In a weird sort of way, I think I understood exactly what she meant.

And then I got sucked into the Strawberry Shortcake poster, and that was where I got seriously unhinged. I remembered Strawberry Shortcake as a cute little thing with freckles and pigtails. But, my oh my, Strawberry has certainly changed since I was a kid. Now she's a full-on Japanimation wonder, with huge blue eyes, a tiny nose and rosebud mouth, and lustrous hair. In the poster, Strawberry was braiding her pony's hair, and no little girl could ask for more than this pony. It pranced on three hooves, with its head cocked coquettishly, its back delightfully rounded. The pony's mane had been transformed into a cascade of golden locks and its giant, melting eyes were half-closed, its tiny pink mouth half open.

The pony was pitched perfectly at eye level, so you could lay in the top bunk and stare and stare, imagining your fingers intertwined in the pony's luxuriant hair, caring for and pampering the sexy little beast.

I had one of those moments. I could actually feel the longing of a little girl studying her poster, wishing for all the chocolate kisses in the world that she could just crawl into that land where houses are made from cupcakes and love that little pony with all of my heart. Later, I'm sure Strawberry Shortcake will come down and Justin Bieber (or whoever will play his part in the future) will go up, but the effect will be exactly the same: it will be one of those empty canvases upon which little girls draw imaginary sketches of love, of barely understood lust and longing, and a future where they aren't little girls anymore but lovers and brides and wives and mothers.

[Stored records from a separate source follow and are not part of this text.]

(* For all integers $m\ge2$ and $p\ge1$, $$E\,|C_m(p;\mathbf U_1)-C_m(p-1;\mathbf U_1)|\le 2+16m.$$
   Context: Let $U_1,U_2,\ldots$ be i.i.d. uniform random variables on $[0,1]$ and $\mathbf U_k=(U_k,U_{k+1},\ldots)$ for $k\ge1$. For integers $m\ge1$, $n\ge0$, $k\ge1$, define $C_m(n;\mathbf U_k)$ recursively (in $n$) by $C_m(n;\mathbf U_k)=0$ for $0\le n\le m-1$, and for $n\ge m$, writing $V=\lfloor nU_k\rfloor$, $$C_m(n;\mathbf U_k)=n-1+C_m(V;\mathbf U_{k+1})+C_{m-1-V}(n-1-V;\mathbf U_{k+1})\,\mathbf 1(V<m-1).$$ (This is the number of comparisons made by Quickselect to find the $m$-th smallest of $n$ distinct numbers.) *)

theory Defs
  imports "HOL-Probability.Probability"
begin

text \<open>Pivot rank V = floor(n U_k), clamped to n-1 (only matters on the null event U_k = 1,
  which is needed for the recursion to be well-founded).  The sequence u encodes
  (U_k, U_{k+1}, ...) with u 0 = U_k.\<close>
definition qs_pivot :: "nat \<Rightarrow> (nat \<Rightarrow> real) \<Rightarrow> nat" where
  "qs_pivot n u = min (nat \<lfloor>real n * u 0\<rfloor>) (n - 1)"

lemma qs_pivot_le: "qs_pivot n u \<le> n - 1"
  by (simp add: qs_pivot_def)
lemma area_defect_ratio_bound:
  assumes m: "0 < m" and Cm: "Cm m f" "Cm m g" "Cm m h"
    and horizontal: "\<And>t. deriv h t = 2 * (deriv f t * g t - f t * deriv g t)"
    and X: "finite X" "card X = Suc m" "a \<in> X" "b \<in> X" "a < b"
    and "e \<le> 1"
    and osc_f: "\<And>\<xi> \<eta>. \<xi> \<in> {Min X..Max X} \<Longrightarrow> \<eta> \<in> {Min X..Max X} \<Longrightarrow>
      \<bar>(deriv ^^ m) f \<xi> - (deriv ^^ m) f \<eta>\<bar> \<le> e"
    and osc_g: "\<And>\<xi> \<eta>. \<xi> \<in> {Min X..Max X} \<Longrightarrow> \<eta> \<in> {Min X..Max X} \<Longrightarrow>
      \<bar>(deriv ^^ m) g \<xi> - (deriv ^^ m) g \<eta>\<bar> \<le> e"
  shows "\<bar>AVA X f g h a b / AVV m X f g a b\<bar> \<le> 4 * e"
proof -
  obtain k where k: "m = Suc k" using m by (cases m) auto
  define D where "D = diameter X"
  define P where "P = interp_poly X f"
  define Q where "Q = interp_poly X g"
  define I where "I = integral {a..b} (\<lambda>t. \<bar>poly (pderiv P) t\<bar> + \<bar>poly (pderiv Q) t\<bar>)"
  have "X \<noteq> {}" using X(3) by auto
  then have ab: "{a..b} \<subseteq> {Min X..Max X}" and "b - a \<le> D"
    using X diameter_finite_real[OF X(1)] by (auto simp: D_def intro: diff_mono)
  have "0 \<le> e" using osc_f ab X(5) by fastforce
  have "differentiable_upto (Suc k) f" "differentiable_upto (Suc k) g" "differentiable_upto (Suc k) h"
    using Cm[THEN Cm_imp_differentiable_upto] unfolding k .
  note diff = this this[THEN differentiable_upto_DERIV]
  have "\<bar>AVA X f g h a b\<bar> \<le> 4 * (e * D ^ m * I + (b - a) * (e * D ^ m * (e * D ^ k)))"
    unfolding AVA_def I_def P_def Q_def
  proof (rule area_defect_le[OF _ diff(4-6) horizontal])
    fix t assume "t \<in> {a..b}"
    then have t: "t \<in> {Min X..Max X}" using ab by blast
    show "\<bar>f t - poly (interp_poly X f) t\<bar> \<le> e * D ^ m"
      unfolding D_def by (intro interp_poly_error Cm_imp_differentiable_upto Cm(1) X(1,2) t osc_f)
    show "\<bar>g t - poly (interp_poly X g) t\<bar> \<le> e * D ^ m"
      unfolding D_def by (intro interp_poly_error Cm_imp_differentiable_upto Cm(2) X(1,2) t osc_g)
    show "\<bar>deriv g t - poly (pderiv (interp_poly X g)) t\<bar> \<le> e * D ^ k"
      unfolding D_def by (intro deriv_interp_poly_error diff(2) X(1) X(2)[unfolded k] t osc_g[unfolded k])
  qed (use X poly_interp_poly[OF X(1,2)] in auto)
  also have "(b - a) * (e * D ^ m * (e * D ^ k)) \<le> e * D ^ (2 * m)"
  proof -
    have "(b - a) * (e * D ^ m * (e * D ^ k)) = e * e * ((b - a) * D ^ (m + k))"
      by (simp add: power_add algebra_simps)
    also have "\<dots> \<le> e * 1 * (D * D ^ (m + k))"
      using \<open>0 \<le> e\<close> \<open>e \<le> 1\<close> \<open>b - a \<le> D\<close> X(5)
      by (intro mult_mono mult_right_mono) auto
    finally show ?thesis by (simp add: k mult_2)
  qed
  also have "e * D ^ m * I + e * D ^ (2 * m) = e * (D ^ (2 * m) + D ^ m * I)"
    by (simp add: algebra_simps)
  moreover have "AVV m X f g a b = D ^ (2 * m) + D ^ m * I"
    unfolding AVV_def D_def I_def P_def Q_def ..
  moreover have "0 \<le> I"
    unfolding I_def by (intro integral_nonneg integrable_continuous_interval continuous_intros) auto
  then have "0 < D ^ (2 * m) + D ^ m * I"
    using \<open>b - a \<le> D\<close> X(5) by (intro add_pos_nonneg) auto
  ultimately show ?thesis
    by (simp add: abs_div pos_divide_le_eq)
qed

After I got through thinking all this (and by now was truly getting tired), I wondered if, later on, there would still be room in her life for worrying about the difference between bugs and insects. I hoped so.


Mark Terry said...

Might I recommend Tylenol PM.

Jon VanZile said...

Or scotch.

Natasha Fondren said...

I did that! In college, too. I always go into that mode during car accidents and the like, where time slows down and I sit and reason and make decisions for awhile, even though it's a split second. So on the way down, my mind was like, "So. My head is headed straight for the linoleum. That's probably not good. I'd crack my head open. I'd better try to do a somersault. But look, I'll hit my legs against my roommate's bed, so I should execute a quarter twist while I'm at it, and make sure my legs go thataway." (I was on the diving team in high school, which served me well, evidently.)

My roommate was awake to watch the whole thing. We laughed so hard we cried.

I hope you're having fun!

E. Flanigan said...

Geez, Jon .... is it possible you projected some things onto the poster???

I looked at the same Strawberry Shortcake poster with the same pony and mostly saw THE HAIR. Hair for braiding, hair for brushing. Girls do tend to be into hair. As girls AND as grown women.

In fact, my mom and I were just bemoaning how much she pays for her highlights, how much my guy charges, etc. They charge that much because they know we will pay it. Because most of us care about hair at least a little, even if we claim not to.

In the middle of my most existential teenage crises, perhaps BECAUSE of them, I was also concerned with whether to triple pierce my left ear. Whether to shave part of my head. (I ended up doing both.) Our physical selves reflect lots of other stuff.

Even the girls who don't like princesses tend to have their girlish delights. Like ponies. With flouncy hair.

Jon VanZile said...


Fortunately, my roommates were asleep through the whole thing. But that whole slow-motion thing sounds like it could come in handy.

Jon VanZile said...

See, it's possible you only saw THE HAIR because you too were beguiled by that damn pony. I wasn't, so I saw The Matrix and understood what they were really trying to do: oppress little girls with ponyish delights.

Flouncy hair indeed.

Melanie Avila said...

Will we be getting a story told from the POV of a little girl soon? Seems you've done the research...

Jude Hardin said...

Spiders are bugs, but they're not insects (sticks tongue out).